NFL: Will Walter Payton Still Be a Role Model?

Published by on October 4, 2011
Article Source: Bleacher Report - Chicago Bears

As kids, we looked towards people to gain influence from. From athletes, movie stars, political leaders or even our parents (which usually doesn’t happen until later in life), we have to realize that faults are just as evident as the positive aspects we gravitate to and try to emulate.

In the age of information that we live in today, gossip, rumors and the stripping down of a person’s façade is commonplace. We realize that more and more role models do not fit the cookie-cutter image that parents wish for.

With the release of the book Sweetness: The Enigmatic Life of Walter Payton by Sports Illustrated’s Jeff Pearlman, another hero of years past has been exposed to what was going on behind the scenes during and after his illustrious career. The man who was Walter Payton was viewed on the practice and playing field with an almost god-like stature.

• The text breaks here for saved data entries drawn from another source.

(* Let $Q_k^A,Q_k^B$ be the SDQ iterates and $w_k^A,w_k^B$ the associated noise vectors (see context). Define the upper comparison system \[ Q_{k+1}^{A_U}-Q^*=(I+\alpha\gamma DP\Pi_{Q_k^B}-\alpha D)(Q_k^{A_U}-Q^* )+\alpha w_k^A,\qquad Q_{k+1}^{B_U}-Q^*=(I+\alpha\gamma DP\Pi_{Q_k^A}-\alpha D)(Q_k^{B_U}-Q^* )+\alpha w_k^B, \] with arbitrary initial vectors $Q_0^{A_U},Q_0^{B_U}\in\mathbb{R}^{|\mathcal{S}||\mathcal{A}|}$. Suppose $Q_0^{A_U}-Q^*\ge Q_0^A-Q^*$ and $Q_0^{B_U}-Q^*\ge Q_0^B-Q^*$ element-wise. Then for all $k\ge 0$, $Q_k^{A_U}-Q^*\ge Q_k^A-Q^*$ and $Q_k^{B_U}-Q^*\ge Q_k^B-Q^*$ element-wise.
   Context: Finite MDP with states $\mathcal{S}=\{1,\dots,|\mathcal{S}|\}$, actions $\mathcal{A}=\{1,\dots,|\mathcal{A}|\}$, transitions $P(s'|s,a)$, bounded deterministic reward $r(s,a,s')$, discount $\gamma\in(0,1)$, optimal action-value function $Q^*$. Sampling distribution $d(s,a)>0$ on $\mathcal{S}\times\mathcal{A}$; at iteration $k$, $(s_k,a_k)\sim d$ i.i.d., $s_k'\sim P(\cdot|s_k,a_k)$, $r_{k+1}=r(s_k,a_k,s_k')$. Constant step-size $\alpha\in(0,1)$. SDQ: only entry $(s_k,a_k)$ is updated, $Q_{k+1}^A(s_k,a_k)=Q_k^A(s_k,a_k)+\alpha\{r_{k+1}+\gamma Q_k^A(s_k',\arg\max_aQ_k^B(s_k',a))-Q_k^A(s_k,a_k)\}$ and symmetrically for $B$ with roles of $A,B$ swapped. Vector notation: $Q\in\mathbb{R}^{|\mathcal{S}||\mathcal{A}|}$ stacks $Q(\cdot,1),\dots,Q(\cdot,|\mathcal{A}|)$, so $Q(s,a)=(e_a\otimes e_s)^TQ$. $D$ is the diagonal matrix with entry $d(s,a)$ at position $(s,a)$. $P\in\mathbb{R}^{|\mathcal{S}||\mathcal{A}|\times|\mathcal{S}|}$ has row $(s,a)$ equal to $P(\cdot|s,a)$. $R\in\mathbb{R}^{|\mathcal{S}||\mathcal{A}|}$, $R(s,a)=\mathbb{E}[r(s,a,s')|s,a]$. For $Q$, $\pi_Q(s)=\arg\max_aQ(s,a)$ (fixed tie-breaking) and $\Pi_Q\in\mathbb{R}^{|\mathcal{S}|\times|\mathcal{S}||\mathcal{A}|}$ has $s$-th row $e_{\pi_Q(s)}^T\otimes e_s^T$, so $(\Pi_QQ')(s)=Q'(s,\pi_Q(s))$. Noise: $w_k^A=(e_{a_k}\otimes e_{s_k})r_{k+1}+\gamma(e_{a_k}\otimes e_{s_k})e_{s_k'}^T\Pi_{Q_k^B}Q_k^A-(e_{a_k}\otimes e_{s_k})(e_{a_k}\otimes e_{s_k})^TQ_k^A-(DR+\gamma DP\Pi_{Q_k^B}Q_k^A-DQ_k^A)$, and $w_k^B$ is the same with $A$ and $B$ swapped. Element-wise inequalities between vectors are denoted $\ge$. *)

theory Defs
  imports "HOL-Analysis.Analysis"
begin

text \<open>P s a s' = P(s'|s,a); rw s a s' = r(s,a,s'); d = sampling distribution;
  sel = greedy selector with a fixed tie-breaking rule.\<close>

definition expR :: "('s::finite \<Rightarrow> 'a::finite \<Rightarrow> 's \<Rightarrow> real) \<Rightarrow> ('s \<Rightarrow> 'a \<Rightarrow> 's \<Rightarrow> real) \<Rightarrow> real^('s \<times> 'a)" where
  "expR P rw = (\<chi> i. case i of (s,a) \<Rightarrow> \<Sum>s'\<in>UNIV. P s a s' * rw s a s')"

definition Dmat :: "('s::finite \<times> 'a::finite \<Rightarrow> real) \<Rightarrow> real^('s \<times> 'a)^('s \<times> 'a)" where
  "Dmat d = (\<chi> i j. if i = j then d i else 0)"

definition Pmat :: "('s::finite \<Rightarrow> 'a::finite \<Rightarrow> 's \<Rightarrow> real) \<Rightarrow> real^'s^('s \<times> 'a)" where
  "Pmat P = (\<chi> i s'. case i of (s,a) \<Rightarrow> P s a s')"

definition Pimat :: "(real^('s::finite \<times> 'a::finite) \<Rightarrow> 's \<Rightarrow> 'a) \<Rightarrow> real^('s \<times> 'a) \<Rightarrow> real^('s \<times> 'a)^'s" where
  "Pimat sel Q = (\<chi> s j. if j = (s, sel Q s) then 1 else 0)"

definition greedy_selector :: "(real^('s::finite \<times> 'a::finite) \<Rightarrow> 's \<Rightarrow> 'a) \<Rightarrow> bool" where
  "greedy_selector sel \<longleftrightarrow> (\<forall>Q s b. Q $ (s,b) \<le> Q $ (s, sel Q s))"

definition is_stochastic :: "('s::finite \<Rightarrow> 'a::finite \<Rightarrow> 's \<Rightarrow> real) \<Rightarrow> bool" where
  "is_stochastic P \<longleftrightarrow> (\<forall>s a s'. 0 \<le> P s a s') \<and> (\<forall>s a. (\<Sum>s'\<in>UNIV. P s a s') = 1)"

definition is_optimal_Q :: "('s::finite \<Rightarrow> 'a::finite \<Rightarrow> 's \<Rightarrow> real) \<Rightarrow> ('s \<Rightarrow> 'a \<Rightarrow> 's \<Rightarrow> real) \<Rightarrow> real \<Rightarrow> real^('s \<times> 'a) \<Rightarrow> bool" where
  "is_optimal_Q P rw \<gamma> Q \<longleftrightarrow> (\<forall>s a. Q $ (s,a) = expR P rw $ (s,a) + \<gamma> * (\<Sum>s'\<in>UNIV. P s a s' * Max (range (\<lambda>b. Q $ (s',b)))))"

definition sdq_step :: "(real^('s::finite \<times> 'a::finite) \<Rightarrow> 's \<Rightarrow> 'a) \<Rightarrow> ('s \<Rightarrow> 'a \<Rightarrow> 's \<Rightarrow> real) \<Rightarrow> real \<Rightarrow> real
    \<Rightarrow> real^('s \<times> 'a) \<Rightarrow> real^('s \<times> 'a) \<Rightarrow> 's \<times> 'a \<times> 's \<Rightarrow> real^('s \<times> 'a)" where
  "sdq_step sel rw \<gamma> \<alpha> Q1 Q2 smp = (case smp of (s,a,s') \<Rightarrow>
     Q1 + (\<alpha> * (rw s a s' + \<gamma> * Q1 $ (s', sel Q2 s') - Q1 $ (s,a))) *\<^sub>R axis (s,a) 1)"

fun sdq :: "(real^('s::finite \<times> 'a::finite) \<Rightarrow> 's \<Rightarrow> 'a) \<Rightarrow> ('s \<Rightarrow> 'a \<Rightarrow> 's \<Rightarrow> real) \<Rightarrow> real \<Rightarrow> real
    \<Rightarrow> real^('s \<times> 'a) \<Rightarrow> real^('s \<times> 'a) \<Rightarrow> (nat \<Rightarrow> 's \<times> 'a \<times> 's) \<Rightarrow> nat \<Rightarrow> (real^('s \<times> 'a)) \<times> (real^('s \<times> 'a))" where
  "sdq sel rw \<gamma> \<alpha> QA0 QB0 smp 0 = (QA0, QB0)"
| "sdq sel rw \<gamma> \<alpha> QA0 QB0 smp (Suc k) = (case sdq sel rw \<gamma> \<alpha> QA0 QB0 smp k of (QA, QB) \<Rightarrow>
     (sdq_step sel rw \<gamma> \<alpha> QA QB (smp k), sdq_step sel rw \<gamma> \<alpha> QB QA (smp k)))"

definition noise :: "('s::finite \<Rightarrow> 'a::finite \<Rightarrow> 's \<Rightarrow> real) \<Rightarrow> ('s \<Rightarrow> 'a \<Rightarrow> 's \<Rightarrow> real) \<Rightarrow> real
    \<Rightarrow> ('s \<times> 'a \<Rightarrow> real) \<Rightarrow> (real^('s \<times> 'a) \<Rightarrow> 's \<Rightarrow> 'a)
    \<Rightarrow> real^('s \<times> 'a) \<Rightarrow> real^('s \<times> 'a) \<Rightarrow> 's \<times> 'a \<times> 's \<Rightarrow> real^('s \<times> 'a)" where
  "noise P rw \<gamma> d sel Q1 Q2 smp = (case smp of (s,a,s') \<Rightarrow>
     let e = axis (s,a) (1::real) in
       rw s a s' *\<^sub>R e + (\<gamma> * ((Pimat sel Q2 *v Q1) $ s')) *\<^sub>R e - (e \<bullet> Q1) *\<^sub>R e
       - (Dmat d *v expR P rw + \<gamma> *\<^sub>R ((Dmat d ** Pmat P ** Pimat sel Q2) *v Q1) - Dmat d *v Q1))"

fun upper :: "('s::finite \<Rightarrow> 'a::finite \<Rightarrow> 's \<Rightarrow> real) \<Rightarrow> ('s \<Rightarrow> 'a \<Rightarrow> 's \<Rightarrow> real) \<Rightarrow> real
    \<Rightarrow> ('s \<times> 'a \<Rightarrow> real) \<Rightarrow> real \<Rightarrow> (real^('s \<times> 'a) \<Rightarrow> 's \<Rightarrow> 'a) \<Rightarrow> real^('s \<times> 'a)
    \<Rightarrow> real^('s \<times> 'a) \<Rightarrow> real^('s \<times> 'a) \<Rightarrow> real^('s \<times> 'a) \<Rightarrow> real^('s \<times> 'a)
    \<Rightarrow> (nat \<Rightarrow> 's \<times> 'a \<times> 's) \<Rightarrow> nat \<Rightarrow> (real^('s \<times> 'a)) \<times> (real^('s \<times> 'a))" where
  "upper P rw \<gamma> d \<alpha> sel Qs QA0 QB0 QAU0 QBU0 smp 0 = (QAU0, QBU0)"
| "upper P rw \<gamma> d \<alpha> sel Qs QA0 QB0 QAU0 QBU0 smp (Suc k) =
    (case upper P rw \<gamma> d \<alpha> sel Qs QA0 QB0 QAU0 QBU0 smp k of (QAU, QBU) \<Rightarrow>
     case sdq sel rw \<gamma> \<alpha> QA0 QB0 smp k of (QA, QB) \<Rightarrow>
     (Qs + (mat 1 + (\<alpha> * \<gamma>) *\<^sub>R (Dmat d ** Pmat P ** Pimat sel QB) - \<alpha> *\<^sub>R Dmat d) *v (QAU - Qs)
         + \<alpha> *\<^sub>R noise P rw \<gamma> d sel QA QB (smp k),
      Qs + (mat 1 + (\<alpha> * \<gamma>) *\<^sub>R (Dmat d ** Pmat P ** Pimat sel QA) - \<alpha> *\<^sub>R Dmat d) *v (QBU - Qs)
         + \<alpha> *\<^sub>R noise P rw \<gamma> d sel QB QA (smp k)))"

end

(* Subtracting the SDQ recursion from the comparison recursion, the sampling noise cancels
   exactly, and the Bellman equation Qs = R + gamma P max Qs turns what remains into
     Q_{k+1}^{A_U} - Q_{k+1}^A = (I - alpha D + alpha gamma D P Pi_{Q_k^B}) (Q_k^{A_U} - Q_k^A)
                                 + alpha gamma D P (max Qs - Pi_{Q_k^B} Qs).
   The matrix has nonnegative entries because alpha d <= 1, and Pi_Q Qs <= max Qs for every
   selector, so the gap stays nonnegative by induction on k, jointly for A and B. *)

theory Submission
  imports Defs
begin

definition greedy_value :: "real^('s::finite \<times> 'a::finite) \<Rightarrow> real^'s" where
  "greedy_value Q = (\<chi> s. Max (range (\<lambda>b. Q $ (s,b))))"

abbreviation comparison_matrix ::
    "('s::finite \<Rightarrow> 'a::finite \<Rightarrow> 's \<Rightarrow> real) \<Rightarrow> ('s \<times> 'a \<Rightarrow> real) \<Rightarrow> real \<Rightarrow> real
     \<Rightarrow> (real^('s \<times> 'a) \<Rightarrow> 's \<Rightarrow> 'a) \<Rightarrow> real^('s \<times> 'a) \<Rightarrow> real^('s \<times> 'a)^('s \<times> 'a)" where
  "comparison_matrix P d \<alpha> \<gamma> sel Q \<equiv>
     mat 1 + (\<alpha> * \<gamma>) *\<^sub>R (Dmat d ** Pmat P ** Pimat sel Q) - \<alpha> *\<^sub>R Dmat d"

lemma Dmat_mult_vec_nth: "(Dmat d *v x) $ i = d i * x $ i"
  by (simp add: Dmat_def matrix_vector_mult_def if_distrib[of "\<lambda>c. c * z" for z] cong: if_cong)

lemma Pmat_mult_vec_nth: "(Pmat P *v y) $ (s,a) = (\<Sum>s'\<in>UNIV. P s a s' * y $ s')"
  by (simp add: Pmat_def matrix_vector_mult_def)

lemma Pimat_mult_vec_nth: "(Pimat sel Q *v x) $ s = x $ (s, sel Q s)"
  by (simp add: Pimat_def matrix_vector_mult_def if_distrib[of "\<lambda>c. c * z" for z] cong: if_cong)

lemma Pimat_mult_vec_le_greedy_value: "Pimat sel Q' *v Q \<le> greedy_value Q"
  by (auto simp: less_eq_vec_def Pimat_mult_vec_nth greedy_value_def)

lemma comparison_matrix_mult_vec:
  "comparison_matrix P d \<alpha> \<gamma> sel Q *v x
     = x + (\<alpha> * \<gamma>) *\<^sub>R (Dmat d *v (Pmat P *v (Pimat sel Q *v x))) - \<alpha> *\<^sub>R (Dmat d *v x)"
  by (simp add: matrix_vector_mult_add_rdistrib matrix_vector_mult_diff_rdistrib
      flip: scaleR_matrix_vector_assoc matrix_vector_mul_assoc)

lemma comparison_matrix_mult_vec_nth:
  "(comparison_matrix P d \<alpha> \<gamma> sel Q *v x) $ (s,a)
     = (1 - \<alpha> * d (s,a)) * x $ (s,a) + \<alpha> * \<gamma> * d (s,a) * (\<Sum>s'\<in>UNIV. P s a s' * x $ (s', sel Q s'))"
  unfolding comparison_matrix_mult_vec
  by (simp add: Dmat_mult_vec_nth Pmat_mult_vec_nth Pimat_mult_vec_nth algebra_simps)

His practice regimen was legendary with the way he pushed his body to the limit. Whether that was running the dunes in northwest Indiana, pursuing ballet, or just going the extra mile in the weight room, he always strove for greatness.

When an athlete puts so much weight on his shoulders, the pressure has to affect him somewhat throughout his lifetime. Taking painkillers more than the average man is nothing surprising about an NFL player. This is a sport where the average lineman only lives until his mid-50s, and playing with pain is something all of them live with.

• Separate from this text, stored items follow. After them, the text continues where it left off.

(* Let $(A,G)$ be an admissible pair with $A\in M_{Q_0}(\mathbb Z)$ and let $\{i_1,\ldots,i_n\}$ be a $G$-orbit in $Q_0$. Then for every permutation $\sigma\in\mathfrak S_n$, $$\mu_{i_n}\circ\cdots\circ\mu_{i_1}(A)=\mu_{i_{\sigma(n)}}\circ\cdots\circ\mu_{i_{\sigma(1)}}(A).$$
   Context: $Q_0$ finite; $A=(a_{ij})$ skew-symmetrizable ($DA$ skew-symmetric for a positive integer diagonal $D$). Mutation $\mu_k(B)=(b'_{ij})$: $b'_{ij}=-b_{ij}$ if $k\in\{i,j\}$, else $b_{ij}+\tfrac12(|b_{ik}|b_{kj}+b_{ik}|b_{kj}|)$. An automorphism of $A$ is a permutation $g$ of $Q_0$ with $a_{gi,gj}=a_{ij}$; a group $G$ of such permutations is admissible (and $(A,G)$ an admissible pair) if for distinct $i,j$ in the same $G$-orbit there is no path of length $1$ or $2$ from $i$ to $j$ in the valued quiver of $A$ (i.e. $a_{ij}\le0$ and no $k$ with $a_{ik}>0$, $a_{kj}>0$). *)

theory Defs
  imports "HOL-Combinatorics.Permutations"
begin

text \<open>Matrices indexed by the finite vertex set Q0 (a finite type 'q), integer entries.\<close>
type_synonym 'q mat = "'q \<Rightarrow> 'q \<Rightarrow> int"

definition skew_symmetrizable :: "'q::finite mat \<Rightarrow> bool" where
  "skew_symmetrizable A \<longleftrightarrow>
     (\<exists>D::'q \<Rightarrow> int. (\<forall>i. D i > 0) \<and> (\<forall>i j. D i * A i j = - (D j * A j i)))"

text \<open>Matrix mutation at k. The quantity |b_ik| b_kj + b_ik |b_kj| is always even,
  so integer division by 2 is exact.\<close>
definition mutate :: "'q \<Rightarrow> 'q mat \<Rightarrow> 'q mat" where
  "mutate k B = (\<lambda>i j. if k = i \<or> k = j then - B i j
                        else B i j + (\<bar>B i k\<bar> * B k j + B i k * \<bar>B k j\<bar>) div 2)"

definition mutseq :: "'q list \<Rightarrow> 'q mat \<Rightarrow> 'q mat" where
  "mutseq ks A = foldl (\<lambda>B k. mutate k B) A ks"

definition is_automorphism :: "'q mat \<Rightarrow> ('q \<Rightarrow> 'q) \<Rightarrow> bool" where
  "is_automorphism A g \<longleftrightarrow> bij g \<and> (\<forall>i j. A (g i) (g j) = A i j)"

definition automorphism_group :: "'q mat \<Rightarrow> ('q \<Rightarrow> 'q) set \<Rightarrow> bool" where
  "automorphism_group A G \<longleftrightarrow>
     (\<forall>g\<in>G. is_automorphism A g) \<and> id \<in> G \<and>
     (\<forall>g\<in>G. \<forall>h\<in>G. g \<circ> h \<in> G) \<and> (\<forall>g\<in>G. inv g \<in> G)"

definition orbit :: "('q \<Rightarrow> 'q) set \<Rightarrow> 'q \<Rightarrow> 'q set" where
  "orbit G i = {g i | g. g \<in> G}"

definition admissible :: "'q mat \<Rightarrow> ('q \<Rightarrow> 'q) set \<Rightarrow> bool" where
  "admissible A G \<longleftrightarrow> automorphism_group A G \<and>
     (\<forall>i j. i \<noteq> j \<and> j \<in> orbit G i \<longrightarrow>
        A i j \<le> 0 \<and> \<not> (\<exists>k. A i k > 0 \<and> A k j > 0))"

definition admissible_pair :: "'q::finite mat \<Rightarrow> ('q \<Rightarrow> 'q) set \<Rightarrow> bool" where
  "admissible_pair A G \<longleftrightarrow> skew_symmetrizable A \<and> admissible A G"

end

theory Submission
  imports Defs
begin

text \<open>Skew-symmetrizability forces the two entries between vertices of one orbit to have
  opposite signs, while admissibility makes both non-positive; so they vanish. Mutations at
  vertices k, l with b_kl = b_lk = 0 leave row and column k untouched when mutating at l (and
  vice versa), hence commute, and this property of the orbit survives all the mutations.\<close>

definition pairwise_nonadjacent :: "'q set \<Rightarrow> 'q mat \<Rightarrow> bool" where
  "pairwise_nonadjacent S B \<longleftrightarrow> (\<forall>k\<in>S. \<forall>l\<in>S. k \<noteq> l \<longrightarrow> B k l = 0)"

lemma pairwise_nonadjacent_mutate:
  "pairwise_nonadjacent S B \<Longrightarrow> m \<in> S \<Longrightarrow> pairwise_nonadjacent S (mutate m B)"
  unfolding pairwise_nonadjacent_def mutate_def by auto

lemma mutate_nonadjacent_row_col:
  assumes "k \<noteq> l" "B k l = 0" "B l k = 0"
  shows "mutate l B k x = B k x" and "mutate l B x k = B x k"
  using assms unfolding mutate_def by auto

lemma mutate_commute:
  assumes "B k l = 0" "B l k = 0"
  shows "mutate k (mutate l B) = mutate l (mutate k B)"
proof (cases "k = l")
  case False
  note row_col = mutate_nonadjacent_row_col[of k l B] mutate_nonadjacent_row_col[of l k B]
  show ?thesis
  proof (intro ext)
    fix x y
    show "mutate k (mutate l B) x y = mutate l (mutate k B) x y"
      unfolding mutate_def[of k "mutate l B"] mutate_def[of l "mutate k B"]
      using row_col assms False by (auto simp: mutate_def)
  qed
qed simp

lemma mutseq_Nil [simp]: "mutseq [] B = B"
  by (simp add: mutseq_def)

lemma mutseq_Cons [simp]: "mutseq (k # ks) B = mutseq ks (mutate k B)"
  by (simp add: mutseq_def)

lemma mutseq_append: "mutseq (ks @ ls) B = mutseq ls (mutseq ks B)"
  by (simp add: mutseq_def)

lemma mutseq_mutate_commute:
  "pairwise_nonadjacent S B \<Longrightarrow> set ks \<subseteq> S \<Longrightarrow> m \<in> S \<Longrightarrow>
   mutseq ks (mutate m B) = mutate m (mutseq ks B)"
proof (induction ks arbitrary: B)
  case (Cons k ks)
  have "mutate k (mutate m B) = mutate m (mutate k B)"
    using Cons.prems
    by (cases "k = m") (auto simp: pairwise_nonadjacent_def intro: mutate_commute)
  moreover have "pairwise_nonadjacent S (mutate k B)"
    using Cons.prems by (intro pairwise_nonadjacent_mutate) auto
  ultimately show ?case
    using Cons.IH[of "mutate k B"] Cons.prems by simp
qed simp

lemma mutseq_mset_eq:
  "pairwise_nonadjacent S B \<Longrightarrow> set ks \<subseteq> S \<Longrightarrow> mset ks = mset ls \<Longrightarrow>
   mutseq ks B = mutseq ls B"
proof (induction ks arbitrary: B ls)
  case (Cons k ks)
  then have "k \<in> set ls" by (metis list.set_intros(1) set_mset_mset)
  then obtain ls1 ls2 where ls: "ls = ls1 @ k # ls2" by (meson split_list)
  have "set ls \<subseteq> S" using Cons.prems(2,3) by (metis set_mset_mset)
  then have "mutseq ls B = mutseq (ls1 @ ls2) (mutate k B)"
    using mutseq_mutate_commute[of S B ls1 k] Cons.prems by (simp add: ls mutseq_append)
  also have "\<dots> = mutseq ks (mutate k B)"
  proof -
    have "pairwise_nonadjacent S (mutate k B)"
      using Cons.prems by (intro pairwise_nonadjacent_mutate) auto
    moreover have "mset ks = mset (ls1 @ ls2)" using Cons.prems(3) ls by simp
    moreover have "set ks \<subseteq> S" using Cons.prems(2) by simp
    ultimately show ?thesis using Cons.IH by (metis sym)
  qed
  finally show ?case by simp
qed simp

lemma skew_symmetrizable_nonpos_imp_zero:
  assumes "skew_symmetrizable A" "A k l \<le> 0" "A l k \<le> 0"
  shows "A k l = 0"
proof -
  obtain D :: "_ \<Rightarrow> int" where D_pos: "\<And>i. D i > 0"
    and skew: "D k * A k l = - (D l * A l k)"
    using assms(1) by (auto simp: skew_symmetrizable_def)
  have "D k * A k l \<le> 0" "D l * A l k \<le> 0"
    using assms(2,3) D_pos by (simp_all add: mult_nonneg_nonpos less_imp_le)
  then have "D k * A k l = 0" using skew by linarith
  then show ?thesis using D_pos[of k] by simp
qed

lemma orbit_mem_common:
  assumes "automorphism_group A G" "k \<in> orbit G i" "l \<in> orbit G i"
  shows "l \<in> orbit G k"
proof -
  obtain g h where g: "g \<in> G" "k = g i" and h: "h \<in> G" "l = h i"
    using assms(2,3) by (auto simp: orbit_def)
  have "h \<circ> inv g \<in> G" "bij g"
    using assms(1) g h by (auto simp: automorphism_group_def is_automorphism_def)
  moreover have "(h \<circ> inv g) k = l"
    using g h \<open>bij g\<close> by (simp add: bij_is_inj)
  ultimately show ?thesis unfolding orbit_def by blast
qed

lemma admissible_pair_orbit_nonadjacent:
  assumes "admissible_pair A G"
  shows "pairwise_nonadjacent (orbit G i) A"
  unfolding pairwise_nonadjacent_def
proof (intro ballI impI)
  fix k l assume kl: "k \<in> orbit G i" "l \<in> orbit G i" "k \<noteq> l"
  have "automorphism_group A G" and adm: "admissible A G"
    using assms by (auto simp: admissible_pair_def admissible_def)
  then have "l \<in> orbit G k" "k \<in> orbit G l" using kl orbit_mem_common by metis+
  then have "A k l \<le> 0" "A l k \<le> 0" using adm kl(3) by (auto simp: admissible_def)
  then show "A k l = 0"
    using assms skew_symmetrizable_nonpos_imp_zero by (auto simp: admissible_pair_def)
qed

theorem mainTheorem9:
  fixes A :: "'q::finite mat" and G :: "('q \<Rightarrow> 'q) set" and i :: 'q and "is" :: "'q list"
    and \<sigma> :: "nat \<Rightarrow> nat"
  assumes "admissible_pair A G"
    and "distinct is" and "set is = orbit G i"
    and "\<sigma> permutes {..<length is}"
  shows "mutseq is A = mutseq (map (\<lambda>t. is ! \<sigma> t) [0..<length is]) A"
proof -
  have "map (\<lambda>t. is ! \<sigma> t) [0..<length is] = permute_list \<sigma> is"
    by (simp add: permute_list_def)
  then have "mset is = mset (map (\<lambda>t. is ! \<sigma> t) [0..<length is])"
    using mset_permute_list[OF assms(4)] by simp
  then show ?thesis
    using mutseq_mset_eq admissible_pair_orbit_nonadjacent[OF assms(1)] assms(3) by blast
qed

end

The extent of the drug use by Payton is what is so surprising. He ate Tylenol and Vicodin like candy, which easily could have led to his organ failure. He even was an avid user of nitrous oxide and used it years after his career was over.

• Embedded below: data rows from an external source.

lemma ideal_pow_polyring_sum:
  assumes "finite S" "\<And>i. i \<in> S \<Longrightarrow> f i \<in> ideal_pow (polyring n) I s"
  shows "sum f S \<in> ideal_pow (polyring n) I s"
  using assms by (induction S rule: finite_induct) (auto intro: ideal_pow_polyring_add ideal_pow_polyring_zero)

lemma ideal_pow_polyring_if_terms_mem:
  assumes "\<And>a. a \<in> Poly_Mapping.keys f \<Longrightarrow> Poly_Mapping.single a 1 \<in> ideal_pow (polyring n) I s"
  shows "f \<in> ideal_pow (polyring n) I s"
proof -
  have "f = (\<Sum>a\<in>Poly_Mapping.keys f. Poly_Mapping.single 0 (Poly_Mapping.lookup f a) * Poly_Mapping.single a 1)"
    by (rule poly_mapping_eqI) (simp add: mult_single lookup_sum lookup_single when_def in_keys_iff)
  also have "\<dots> \<in> ideal_pow (polyring n) I s"
    using assms by (intro ideal_pow_polyring_sum ideal_pow_polyring_mult polyring_single) auto
  finally show ?thesis .
qed

lemma subset_int_closure_polyring:
  assumes "J \<subseteq> polyring n"
  shows "J \<subseteq> int_closure (polyring n) J"
proof
  fix f assume f: "f \<in> J"
  have "1 * f \<in> ideal_pow (polyring n) J 1"
    unfolding One_nat_def ideal_pow.simps ideal_prod_def using f polyring_one
    by (blast intro: ideal_gen_gen)
  then have "- 1 * (1 * f) \<in> ideal_pow (polyring n) J 1"
    by (rule ideal_pow_polyring_mult) (simp add: polyring_def)
  then show "f \<in> int_closure (polyring n) J"
    unfolding int_closure_def using f assms
    by (intro CollectI conjI exI[of _ 1] exI[of _ "\<lambda>_. - f"]) auto
qed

Payton’s mental health was also a wreck. One of the excerpts from the book reads,

On one particularly dark day in the mid-’90s, Payton wrote a friend a letter saying that Payton needed to get his life in order and was afraid of doing “something” he’d regret. In the note Payton admitted that he regularly contemplated suicide. Thinking about “the people I put into this…situation,” he wrote, “maybe it would be better if I just disappear.” Payton said he imagined picking up his gun, murdering those around him, then turning the weapon on himself. “Every day something like this comes into my head,” he wrote. He was distraught over these persistent thoughts about wanting to “hurt so many others” and not thinking “it is wrong.” Payton ended the letter by admitting that he needed help but that he had nowhere to turn.” 

It was heartbreaking to know the man I knew as unstoppable was very human.

People have a tipping point,and their environment can bring out both the best and worst in themselves. What we have to realize is while we want our heroes to be Teflon with no flaws, no man or woman on this planet can live up to those expectations.

Just look at the escapades of Babe Ruth, Michael Jordan and Tiger Woods. Many will be quick to judge as to whether Walter Payton’s legacy will be tarnished.

If you can compartmentalize what he did on the field to what he did off the field, you can still aspire to have a little bit of “Sweetness” in yourself.